From the line with "shows False" through the line with "then show False using Y", inclusive, return each line of the data below exactly and leave the rest out.

[Dataset items]
○ ○ ○ ○ ○
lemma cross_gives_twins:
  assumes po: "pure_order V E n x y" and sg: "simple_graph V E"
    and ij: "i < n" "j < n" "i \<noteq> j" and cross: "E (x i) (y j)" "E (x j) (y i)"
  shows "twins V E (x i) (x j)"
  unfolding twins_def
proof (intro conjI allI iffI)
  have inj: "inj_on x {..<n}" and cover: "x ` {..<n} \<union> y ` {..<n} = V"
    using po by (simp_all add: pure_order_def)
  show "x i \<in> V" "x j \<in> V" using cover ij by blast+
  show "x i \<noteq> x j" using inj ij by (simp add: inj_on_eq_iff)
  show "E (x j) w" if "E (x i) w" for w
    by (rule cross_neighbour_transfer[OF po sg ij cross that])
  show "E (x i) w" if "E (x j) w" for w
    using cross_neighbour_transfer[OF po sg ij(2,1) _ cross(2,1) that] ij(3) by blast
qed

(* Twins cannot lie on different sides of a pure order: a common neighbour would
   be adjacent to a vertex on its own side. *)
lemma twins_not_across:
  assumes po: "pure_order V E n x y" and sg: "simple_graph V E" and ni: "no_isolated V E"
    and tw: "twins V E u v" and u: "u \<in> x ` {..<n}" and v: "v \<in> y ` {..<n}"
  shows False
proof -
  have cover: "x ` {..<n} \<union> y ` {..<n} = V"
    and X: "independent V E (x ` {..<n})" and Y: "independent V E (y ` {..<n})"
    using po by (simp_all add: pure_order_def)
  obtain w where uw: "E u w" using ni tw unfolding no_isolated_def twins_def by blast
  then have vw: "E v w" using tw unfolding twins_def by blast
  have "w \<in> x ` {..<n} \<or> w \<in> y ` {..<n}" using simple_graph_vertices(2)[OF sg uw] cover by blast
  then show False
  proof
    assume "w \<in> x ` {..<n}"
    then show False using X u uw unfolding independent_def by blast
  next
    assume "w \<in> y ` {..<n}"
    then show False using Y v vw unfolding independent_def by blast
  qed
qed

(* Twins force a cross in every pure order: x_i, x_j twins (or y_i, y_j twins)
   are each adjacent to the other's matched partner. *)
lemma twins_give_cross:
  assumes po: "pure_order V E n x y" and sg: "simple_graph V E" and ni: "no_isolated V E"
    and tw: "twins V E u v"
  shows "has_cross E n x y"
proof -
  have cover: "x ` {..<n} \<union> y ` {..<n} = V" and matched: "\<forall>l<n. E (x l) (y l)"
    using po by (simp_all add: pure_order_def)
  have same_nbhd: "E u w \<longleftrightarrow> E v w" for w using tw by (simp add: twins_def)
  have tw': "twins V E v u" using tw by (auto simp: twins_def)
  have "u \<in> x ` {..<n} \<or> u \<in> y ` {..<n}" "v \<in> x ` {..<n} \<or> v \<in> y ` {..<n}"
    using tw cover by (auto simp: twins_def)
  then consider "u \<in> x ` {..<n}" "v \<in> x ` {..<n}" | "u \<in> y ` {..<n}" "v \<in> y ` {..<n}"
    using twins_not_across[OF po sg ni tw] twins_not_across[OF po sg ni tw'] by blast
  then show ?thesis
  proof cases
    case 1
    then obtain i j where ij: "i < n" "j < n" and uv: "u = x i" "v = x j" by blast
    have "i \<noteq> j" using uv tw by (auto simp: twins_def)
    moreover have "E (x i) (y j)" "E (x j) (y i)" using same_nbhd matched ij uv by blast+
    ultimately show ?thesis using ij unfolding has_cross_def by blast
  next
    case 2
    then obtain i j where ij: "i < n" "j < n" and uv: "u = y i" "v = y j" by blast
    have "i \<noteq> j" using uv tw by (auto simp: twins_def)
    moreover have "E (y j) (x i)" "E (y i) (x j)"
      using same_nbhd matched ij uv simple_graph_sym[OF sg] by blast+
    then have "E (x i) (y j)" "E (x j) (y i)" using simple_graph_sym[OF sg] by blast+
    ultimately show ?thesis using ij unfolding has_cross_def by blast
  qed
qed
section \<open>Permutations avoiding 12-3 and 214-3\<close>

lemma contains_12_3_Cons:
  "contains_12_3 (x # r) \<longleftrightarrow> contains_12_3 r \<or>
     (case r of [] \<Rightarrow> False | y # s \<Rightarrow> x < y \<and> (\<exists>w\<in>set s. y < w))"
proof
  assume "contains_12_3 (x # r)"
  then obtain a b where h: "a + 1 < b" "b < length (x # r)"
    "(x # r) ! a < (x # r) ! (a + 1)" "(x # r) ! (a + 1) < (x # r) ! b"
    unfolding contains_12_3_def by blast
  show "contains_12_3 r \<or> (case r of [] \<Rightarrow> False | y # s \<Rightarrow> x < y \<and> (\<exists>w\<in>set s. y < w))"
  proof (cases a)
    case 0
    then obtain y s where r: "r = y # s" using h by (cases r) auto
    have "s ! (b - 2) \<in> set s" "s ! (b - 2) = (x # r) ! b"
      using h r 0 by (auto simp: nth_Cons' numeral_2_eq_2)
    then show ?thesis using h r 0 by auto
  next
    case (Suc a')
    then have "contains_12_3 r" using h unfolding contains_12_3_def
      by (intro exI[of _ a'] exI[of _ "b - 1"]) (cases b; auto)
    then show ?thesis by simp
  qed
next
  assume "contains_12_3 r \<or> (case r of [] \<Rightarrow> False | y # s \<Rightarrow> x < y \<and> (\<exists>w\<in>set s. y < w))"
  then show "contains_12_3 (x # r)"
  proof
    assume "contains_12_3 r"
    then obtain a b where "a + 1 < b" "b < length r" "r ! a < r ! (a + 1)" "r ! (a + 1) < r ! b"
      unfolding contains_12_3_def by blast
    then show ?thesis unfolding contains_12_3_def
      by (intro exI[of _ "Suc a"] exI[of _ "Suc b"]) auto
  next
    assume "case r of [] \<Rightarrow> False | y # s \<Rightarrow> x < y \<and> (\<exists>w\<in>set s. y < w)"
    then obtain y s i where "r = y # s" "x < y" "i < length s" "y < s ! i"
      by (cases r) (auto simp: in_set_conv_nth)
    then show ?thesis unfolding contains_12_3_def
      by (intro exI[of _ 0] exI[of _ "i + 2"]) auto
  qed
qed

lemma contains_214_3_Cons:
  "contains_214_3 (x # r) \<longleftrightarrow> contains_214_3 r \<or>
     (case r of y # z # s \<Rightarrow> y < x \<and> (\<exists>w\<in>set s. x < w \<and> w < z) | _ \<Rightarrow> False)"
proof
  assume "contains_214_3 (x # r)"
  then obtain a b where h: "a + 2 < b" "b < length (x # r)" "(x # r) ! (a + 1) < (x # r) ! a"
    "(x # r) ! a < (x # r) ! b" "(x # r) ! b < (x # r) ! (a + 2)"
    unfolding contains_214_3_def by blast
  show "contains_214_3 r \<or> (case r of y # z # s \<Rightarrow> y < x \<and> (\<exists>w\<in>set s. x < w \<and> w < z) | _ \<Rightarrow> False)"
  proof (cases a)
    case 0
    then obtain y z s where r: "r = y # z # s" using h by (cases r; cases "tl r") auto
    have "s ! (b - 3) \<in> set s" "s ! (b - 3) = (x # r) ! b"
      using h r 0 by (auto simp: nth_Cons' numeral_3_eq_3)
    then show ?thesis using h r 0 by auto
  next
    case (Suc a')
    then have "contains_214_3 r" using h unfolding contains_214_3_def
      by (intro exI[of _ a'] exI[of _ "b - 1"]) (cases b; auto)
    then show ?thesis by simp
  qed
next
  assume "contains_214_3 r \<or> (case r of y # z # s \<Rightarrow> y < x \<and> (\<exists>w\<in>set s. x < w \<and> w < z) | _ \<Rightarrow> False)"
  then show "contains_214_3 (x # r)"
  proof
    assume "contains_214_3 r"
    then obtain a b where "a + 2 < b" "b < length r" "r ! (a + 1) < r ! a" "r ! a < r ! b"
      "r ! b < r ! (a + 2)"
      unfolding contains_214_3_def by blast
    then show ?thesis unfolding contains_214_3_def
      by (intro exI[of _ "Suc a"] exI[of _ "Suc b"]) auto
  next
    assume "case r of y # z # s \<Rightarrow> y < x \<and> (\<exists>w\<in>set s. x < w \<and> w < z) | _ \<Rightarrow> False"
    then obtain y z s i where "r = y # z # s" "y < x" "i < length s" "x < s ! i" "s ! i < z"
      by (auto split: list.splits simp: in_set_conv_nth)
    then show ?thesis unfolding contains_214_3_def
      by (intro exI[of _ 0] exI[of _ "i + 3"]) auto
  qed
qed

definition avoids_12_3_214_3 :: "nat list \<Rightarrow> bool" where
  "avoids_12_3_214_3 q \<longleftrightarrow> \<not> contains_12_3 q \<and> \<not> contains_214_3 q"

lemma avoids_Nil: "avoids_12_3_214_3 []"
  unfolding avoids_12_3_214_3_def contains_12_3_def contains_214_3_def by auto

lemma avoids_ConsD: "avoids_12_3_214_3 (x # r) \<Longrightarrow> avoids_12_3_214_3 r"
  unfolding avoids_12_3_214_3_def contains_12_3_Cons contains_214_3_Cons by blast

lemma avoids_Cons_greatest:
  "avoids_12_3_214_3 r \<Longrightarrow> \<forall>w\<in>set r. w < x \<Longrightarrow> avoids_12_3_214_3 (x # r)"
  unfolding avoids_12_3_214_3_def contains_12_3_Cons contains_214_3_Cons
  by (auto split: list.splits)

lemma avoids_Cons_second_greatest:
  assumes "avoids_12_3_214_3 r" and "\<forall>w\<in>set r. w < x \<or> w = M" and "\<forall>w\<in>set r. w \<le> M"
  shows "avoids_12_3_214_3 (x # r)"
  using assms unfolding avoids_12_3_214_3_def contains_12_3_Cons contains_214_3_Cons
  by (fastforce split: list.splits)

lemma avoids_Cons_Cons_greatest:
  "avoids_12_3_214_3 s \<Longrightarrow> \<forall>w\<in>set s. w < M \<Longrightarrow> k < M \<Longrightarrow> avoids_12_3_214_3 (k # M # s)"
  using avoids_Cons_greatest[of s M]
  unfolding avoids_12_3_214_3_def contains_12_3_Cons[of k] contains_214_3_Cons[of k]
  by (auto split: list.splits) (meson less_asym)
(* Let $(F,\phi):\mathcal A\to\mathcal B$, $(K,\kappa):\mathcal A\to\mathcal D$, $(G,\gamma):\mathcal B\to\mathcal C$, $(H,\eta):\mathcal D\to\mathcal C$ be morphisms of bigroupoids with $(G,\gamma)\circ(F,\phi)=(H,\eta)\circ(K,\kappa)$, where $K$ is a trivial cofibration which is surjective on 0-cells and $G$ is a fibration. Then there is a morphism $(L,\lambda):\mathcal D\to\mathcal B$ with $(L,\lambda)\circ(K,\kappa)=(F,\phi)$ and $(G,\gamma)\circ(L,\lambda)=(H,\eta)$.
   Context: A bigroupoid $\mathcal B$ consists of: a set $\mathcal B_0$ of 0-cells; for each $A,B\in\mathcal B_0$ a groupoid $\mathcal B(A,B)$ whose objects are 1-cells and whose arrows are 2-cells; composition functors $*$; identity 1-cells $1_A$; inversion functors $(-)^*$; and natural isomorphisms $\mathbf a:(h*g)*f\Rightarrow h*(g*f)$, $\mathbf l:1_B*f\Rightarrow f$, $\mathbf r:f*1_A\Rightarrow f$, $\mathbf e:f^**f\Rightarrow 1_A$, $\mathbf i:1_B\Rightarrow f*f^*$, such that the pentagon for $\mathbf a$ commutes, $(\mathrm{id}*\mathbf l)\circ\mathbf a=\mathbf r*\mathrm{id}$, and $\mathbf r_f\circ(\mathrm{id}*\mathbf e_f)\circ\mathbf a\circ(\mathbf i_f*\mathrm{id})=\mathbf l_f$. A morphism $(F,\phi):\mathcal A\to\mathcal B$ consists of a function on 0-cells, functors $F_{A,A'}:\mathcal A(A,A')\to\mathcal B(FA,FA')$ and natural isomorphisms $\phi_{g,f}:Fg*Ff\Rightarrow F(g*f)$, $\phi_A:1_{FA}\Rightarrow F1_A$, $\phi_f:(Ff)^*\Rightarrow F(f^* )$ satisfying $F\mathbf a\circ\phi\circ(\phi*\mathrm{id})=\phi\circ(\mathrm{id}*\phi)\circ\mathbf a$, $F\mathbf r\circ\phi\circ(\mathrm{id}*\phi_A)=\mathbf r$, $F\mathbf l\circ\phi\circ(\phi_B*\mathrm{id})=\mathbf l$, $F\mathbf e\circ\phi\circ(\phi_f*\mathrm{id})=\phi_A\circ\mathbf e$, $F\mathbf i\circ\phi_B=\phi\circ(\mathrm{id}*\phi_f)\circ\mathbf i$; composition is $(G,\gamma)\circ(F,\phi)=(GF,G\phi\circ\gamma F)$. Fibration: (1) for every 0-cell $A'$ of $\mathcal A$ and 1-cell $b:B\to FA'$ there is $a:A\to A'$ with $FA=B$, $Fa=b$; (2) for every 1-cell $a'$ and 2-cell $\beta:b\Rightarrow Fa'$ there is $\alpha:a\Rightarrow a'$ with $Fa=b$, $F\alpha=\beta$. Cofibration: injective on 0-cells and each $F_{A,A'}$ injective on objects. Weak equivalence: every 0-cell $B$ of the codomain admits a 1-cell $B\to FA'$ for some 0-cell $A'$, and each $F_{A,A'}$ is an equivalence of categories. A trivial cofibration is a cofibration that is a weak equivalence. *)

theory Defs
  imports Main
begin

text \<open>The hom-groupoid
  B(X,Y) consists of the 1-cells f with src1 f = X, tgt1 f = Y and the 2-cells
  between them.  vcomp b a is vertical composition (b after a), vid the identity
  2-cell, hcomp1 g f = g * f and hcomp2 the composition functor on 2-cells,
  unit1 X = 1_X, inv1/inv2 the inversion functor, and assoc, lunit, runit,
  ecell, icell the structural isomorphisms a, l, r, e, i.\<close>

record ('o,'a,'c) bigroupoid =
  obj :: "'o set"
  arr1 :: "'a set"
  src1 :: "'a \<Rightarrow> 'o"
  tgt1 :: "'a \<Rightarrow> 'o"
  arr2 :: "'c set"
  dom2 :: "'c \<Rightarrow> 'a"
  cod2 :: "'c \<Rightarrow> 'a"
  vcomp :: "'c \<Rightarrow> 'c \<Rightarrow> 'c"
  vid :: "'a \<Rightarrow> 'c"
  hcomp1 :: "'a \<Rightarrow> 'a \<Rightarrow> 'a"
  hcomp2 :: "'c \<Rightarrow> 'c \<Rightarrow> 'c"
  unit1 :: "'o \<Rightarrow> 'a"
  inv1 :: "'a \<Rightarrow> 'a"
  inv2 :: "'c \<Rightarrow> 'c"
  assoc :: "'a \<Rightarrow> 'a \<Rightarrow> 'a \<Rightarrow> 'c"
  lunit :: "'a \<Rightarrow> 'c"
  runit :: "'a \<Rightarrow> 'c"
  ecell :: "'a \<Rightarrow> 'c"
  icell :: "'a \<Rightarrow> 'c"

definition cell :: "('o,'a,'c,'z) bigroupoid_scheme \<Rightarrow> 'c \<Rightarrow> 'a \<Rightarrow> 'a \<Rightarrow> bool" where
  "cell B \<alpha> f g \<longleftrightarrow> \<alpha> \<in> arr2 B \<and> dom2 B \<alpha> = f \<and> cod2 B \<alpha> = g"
○ ○ ○ ○ ○
#### TASK RESULT
  shows False
proof -
  have cover: "x ` {..<n} \<union> y ` {..<n} = V"
    and X: "independent V E (x ` {..<n})" and Y: "independent V E (y ` {..<n})"
    using po by (simp_all add: pure_order_def)
  obtain w where uw: "E u w" using ni tw unfolding no_isolated_def twins_def by blast
  then have vw: "E v w" using tw unfolding twins_def by blast
  have "w \<in> x ` {..<n} \<or> w \<in> y ` {..<n}" using simple_graph_vertices(2)[OF sg uw] cover by blast
  then show False
  proof
    assume "w \<in> x ` {..<n}"
    then show False using X u uw unfolding independent_def by blast
  next
    assume "w \<in> y ` {..<n}"
    then show False using Y v vw unfolding independent_def by blast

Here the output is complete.